Coffee linked to reduced risk of MS
Drinking more than 900 ml of coffee – around six cups—has been linked to a reduced risk of multiple sclerosis (MS), according to research published in the Journal of Neurology Neurosurgery & Psychiatry. Caffeine, a central nervous system stimulant, has neuroprotective properties and can suppress the production of chemicals involved in the inflammatory response, which may explain the association found, suggest the researchers. A linked editorial warns that it remains to be seen whether coffee drinking could ward off the development of MS. Two population studies – one Swedish and one from the US – were analysed by the researchers. The risk of MS was consistently higher among those drinking fewer cups of coffee every day in both studies. In the Swedish study, coffee consumption was associated with a reduced risk of MS both at the start of symptoms and 5 and 10 years beforehand, with a 28-30% lower risk among those drinking more than six cups (over 900 mL) every day. Similar results were found in the US study, with a 26-31% lower risk among those drinking more than 948 mL daily at least 5 years beforehand and at the start of symptoms compared with those who never drank coffee.

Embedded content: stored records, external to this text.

(* Let $0<q<1$ and let $a,b\in\mathbb{C}\setminus\{0\}$ be generic (such that all normalizing factors below are finite and nonzero, e.g. $a^2b^2\notin\{q^{-j}:j\in\mathbb{Z}_{\ge0}\}$). For the monic Askey-Wilson polynomials $P_n(z;a,b,c,d\,|\,q)$ one has, as Laurent polynomials in $z$, for all $n\ge0$: $$P_{2n}(z;a,b,-a,-b\,|\,q)=P_n(z^2;a^2,b^2,-1,-q\,|\,q^2),\qquad P_{2n+1}(z;a,b,-a,-b\,|\,q)=(z+z^{-1})\,P_n(z^2;a^2,b^2,-q,-q^2\,|\,q^2).$$
   Context: $(x;q)_k=\prod_{j=0}^{k-1}(1-xq^j)$, $(x_1,\dots,x_r;q)_k=\prod_i(x_i;q)_k$. The monic Askey-Wilson polynomial is $P_n(z;a,b,c,d\,|\,q)=\frac{(ab,ac,ad;q)_n}{a^n(abcdq^{n-1};q)_n}\sum_{k=0}^n\frac{(q^{-n},q^{n-1}abcd,az,az^{-1};q)_k}{(ab,ac,ad,q;q)_k}q^k$, a symmetric Laurent polynomial in $z$ (invariant under $z\mapsto z^{-1}$) of the form $z^n+z^{-n}+$ lower terms, symmetric in $a,b,c,d$ (extended by continuity where formulas degenerate). *)

theory Defs
  imports Complex_Main
begin

definition qpoch :: "complex \<Rightarrow> complex \<Rightarrow> nat \<Rightarrow> complex" where
  "qpoch x q k = (\<Prod>j<k. 1 - x * q ^ j)"

text \<open>Monic Askey-Wilson polynomial P_n(z;a,b,c,d|q), given by the explicit formula
  (valid when the normalizing factors are finite and nonzero).\<close>
definition AW :: "nat \<Rightarrow> complex \<Rightarrow> complex \<Rightarrow> complex \<Rightarrow> complex \<Rightarrow> complex \<Rightarrow> complex \<Rightarrow> complex" where
  "AW n z a b c d q =
     qpoch (a*b) q n * qpoch (a*c) q n * qpoch (a*d) q n
       / (a ^ n * qpoch (a*b*c*d * q powi (int n - 1)) q n)
     * (\<Sum>k\<le>n. qpoch (q powi (- int n)) q k * qpoch (a*b*c*d * q powi (int n - 1)) q k
                 * qpoch (a*z) q k * qpoch (a/z) q k
                 / (qpoch (a*b) q k * qpoch (a*c) q k * qpoch (a*d) q k * qpoch q q k)
                 * q ^ k)"

end

(* The monic Askey-Wilson polynomial P_n(z) = P_n(z;a,b,c,d|q) is a polynomial of degree n in
   x = z + 1/z and an eigenfunction of the Askey-Wilson operator
     L f(z) = A(z) (f(qz) - f(z)) + A(1/z) (f(z/q) - f(z)),
     A(z) = (1-az)(1-bz)(1-cz)(1-dz) / ((1-z^2)(1-qz^2)),
   with eigenvalue q^-n (1-q^n)(1-abcd q^(n-1)).  On the basis (az,a/z;q)_k of polynomials in x the
   operator is triangular with these eigenvalues on the diagonal, so for generic parameters P_n is the
   only monic polynomial of degree n in x with its eigenvalue.

   For the parameters (a,b,-a,-b) the weight A(z) is the weight of (a^2,b^2,-1,-q) in base q^2,
   evaluated at z^2; hence L maps h(z^2) to (L' h)(z^2), and similarly (z+1/z) h(z^2) to
   (z+1/z) ((L'' h)/q + (1-q)(1-a^2 b^2)/q h)(z^2), where L' and L'' are the operators for
   (a^2,b^2,-1,-q) and (a^2,b^2,-q,-q^2) in base q^2.  Therefore P_n(z^2;a^2,b^2,-1,-q|q^2) and
   (z+1/z) P_n(z^2;a^2,b^2,-q,-q^2|q^2) are monic eigenpolynomials in x of degrees 2n and 2n+1 with
   the eigenvalues of P_2n and P_2n+1, and uniqueness gives the identities.  The eigenvalue equations
   are only used at the infinitely many points x = z + 1/z with z real in (sqrt q, 1). *)

theory Submission
  imports Defs "HOL-Computational_Algebra.Polynomial"
begin

section \<open>The q-Pochhammer symbol\<close>

lemma qpoch_0 [simp]: "qpoch x q 0 = 1"
  by (simp add: qpoch_def)

lemma qpoch_Suc: "qpoch x q (Suc k) = qpoch x q k * (1 - x * q ^ k)"
  by (simp add: qpoch_def)

lemma qpoch_Suc_shift: "qpoch x q (Suc k) = (1 - x) * qpoch (x * q) q k"
  unfolding qpoch_def by (subst prod.lessThan_Suc_shift) (simp add: mult.assoc)

lemma qpoch_nonzero: "(\<And>j. j < k \<Longrightarrow> x * q ^ j \<noteq> 1) \<Longrightarrow> qpoch x q k \<noteq> 0"
  unfolding qpoch_def by simp

lemma qpoch_inverse_power:
  assumes "q \<noteq> 0"
  shows "qpoch (1/q^n) q n * q^n * (\<Prod>j<n. - (q^j)) = qpoch q q n"
proof (induction n)
  case 0
  then show ?case by simp
next
  case (Suc n)
  have "1/q^(Suc n) * q = 1/q^n" using assms by simp
  then have "qpoch (1/q^(Suc n)) q (Suc n) * q^(Suc n) * (\<Prod>j<Suc n. - (q^j))
     = (qpoch (1/q^n) q n * q^n * (\<Prod>j<n. - (q^j))) * ((1 - 1/q^(Suc n)) * q * (- (q^n)))"
    unfolding qpoch_Suc_shift[of "1/q^(Suc n)"] by (simp add: mult_ac)
  also have "\<dots> = qpoch q q n * (1 - q * q^n)"
    unfolding Suc using assms by (simp add: field_simps)
  finally show ?case by (simp add: qpoch_Suc)
qed

section \<open>The Askey-Wilson operator\<close>

definition aw_weight :: "complex \<Rightarrow> complex \<Rightarrow> complex \<Rightarrow> complex \<Rightarrow> complex \<Rightarrow> complex \<Rightarrow> complex" where
  "aw_weight a b c d q z = (1 - a*z) * (1 - b*z) * (1 - c*z) * (1 - d*z) / ((1 - z^2) * (1 - q*z^2))"

definition aw_op ::
    "complex \<Rightarrow> complex \<Rightarrow> complex \<Rightarrow> complex \<Rightarrow> complex \<Rightarrow> (complex \<Rightarrow> complex) \<Rightarrow> complex \<Rightarrow> complex" where
  "aw_op a b c d q f z =
     aw_weight a b c d q z * (f (q*z) - f z) + aw_weight a b c d q (1/z) * (f (z/q) - f z)"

Cannabis users more likely to be hospitalised at onset of psychosis
People who use cannabis while experiencing their first episode of a psychotic illness are 50% more likely to be admitted to hospital than those that don’t, according to the UK authors of research published in BMJ Open. Cannabis use was also linked to higher numbers of prescriptions for different antipsychotic drugs, suggesting that it may contribute to treatment failure, say the researchers. The authors used anonymised electronic health records of 2026 people treated for a first episode of psychosis at one of the largest providers of mental health services in Europe between 2006 and 2013, to find out the prevalence of cannabis use recorded within a month of the first visit. Use of the drug was associated with a 50% increase in the frequency of hospital admissions, with an average of 1.8 admissions up to 5 years after the first service visit, compared with non-users who averaged 1.2 admissions over the same period. It was also associated with an increase in the risk of compulsory detention in hospital under the Mental Health Act — 45% of those who used cannabis compared to 34% of those who didn’t.

Zika virus infects brain stem cells
The Zika virus infects a type of neural stem cell that gives rise to the brain’s cerebral cortex, according to US research published in Cell Stem Cell. On laboratory dishes, these stem cells were found to be havens for viral reproduction, resulting in cell death and/or disruption of cell growth. While this study does not prove the direct link between Zika and microcephaly, it does pinpoint where the virus may be doing the most damage. One concerning discovery was that the stem cells that Zika was found to infect, called cortical neural precursors, become factories for viral replication. From a single infection, the virus particles spread through a plate of stem cells within a span of 3 days.

Major hip bone fractures found in teen rugby players
Broken and dislocated hipbones have been found in three teenage rugby union players by a group of Irish doctors, writing in BMJ Case Reports. Acetabular fractures affect the socket of the hip bone, and are generally sustained after violent trauma, such as road traffic accidents. But the Irish group wrote that “we have not previously encountered these injuries in a juvenile sporting population”. The injuries were sustained while playing rugby union, two during seasonal match play and one during a training drill. Previously, the doctors reported two acetabular fractures in two other young rugby players, aged 16 and 24 years. All four injuries occurred during the tackle phase of play, and occurred as a result of pressure exerted through a flexed hip with the knee on the ground. Three of these fractures occurred along with hip dislocations. This position can be encountered during a two-man tackle, as one tackler hits low and the other hits high. “In order to prevent the potentially devastating consequences of these injuries it may be necessary to implement rule changes or size restrictions in the juvenile game,” say the doctors.

Antimicrobial resistance in Africa
South African researchers, in collaboration with the World Health Organization’s Regional Office for Africa (WHO-AFRO), have found that just two African countries (4.3%) have national antimicrobial resistance (AMR) plans in place, while 14.9% (7) have overarching national infection prevention and control policies, 93.6% (44) have essential medicines lists and 91.5% (43) have national medicines policies and treatment guidelines. Published in the Journal of Public Health, the study also found that “[no African nations] currently have representative national surveillance systems nor do any incentivize research and development into new medicines and diagnostics”. “It is incumbent upon WHO-AFRO to assume the leadership role of monitoring, evaluating and reporting on the progress of member states towards implementation of the WHO Policy Package … to combat AMR,” the study concluded. “WHO-AFRO is well placed to establish multidisciplinary and multi-sectorial regional platforms for policy discourse and sharing good practice on the management of AMR within and across African countries while monitoring and evaluating incremental progress.”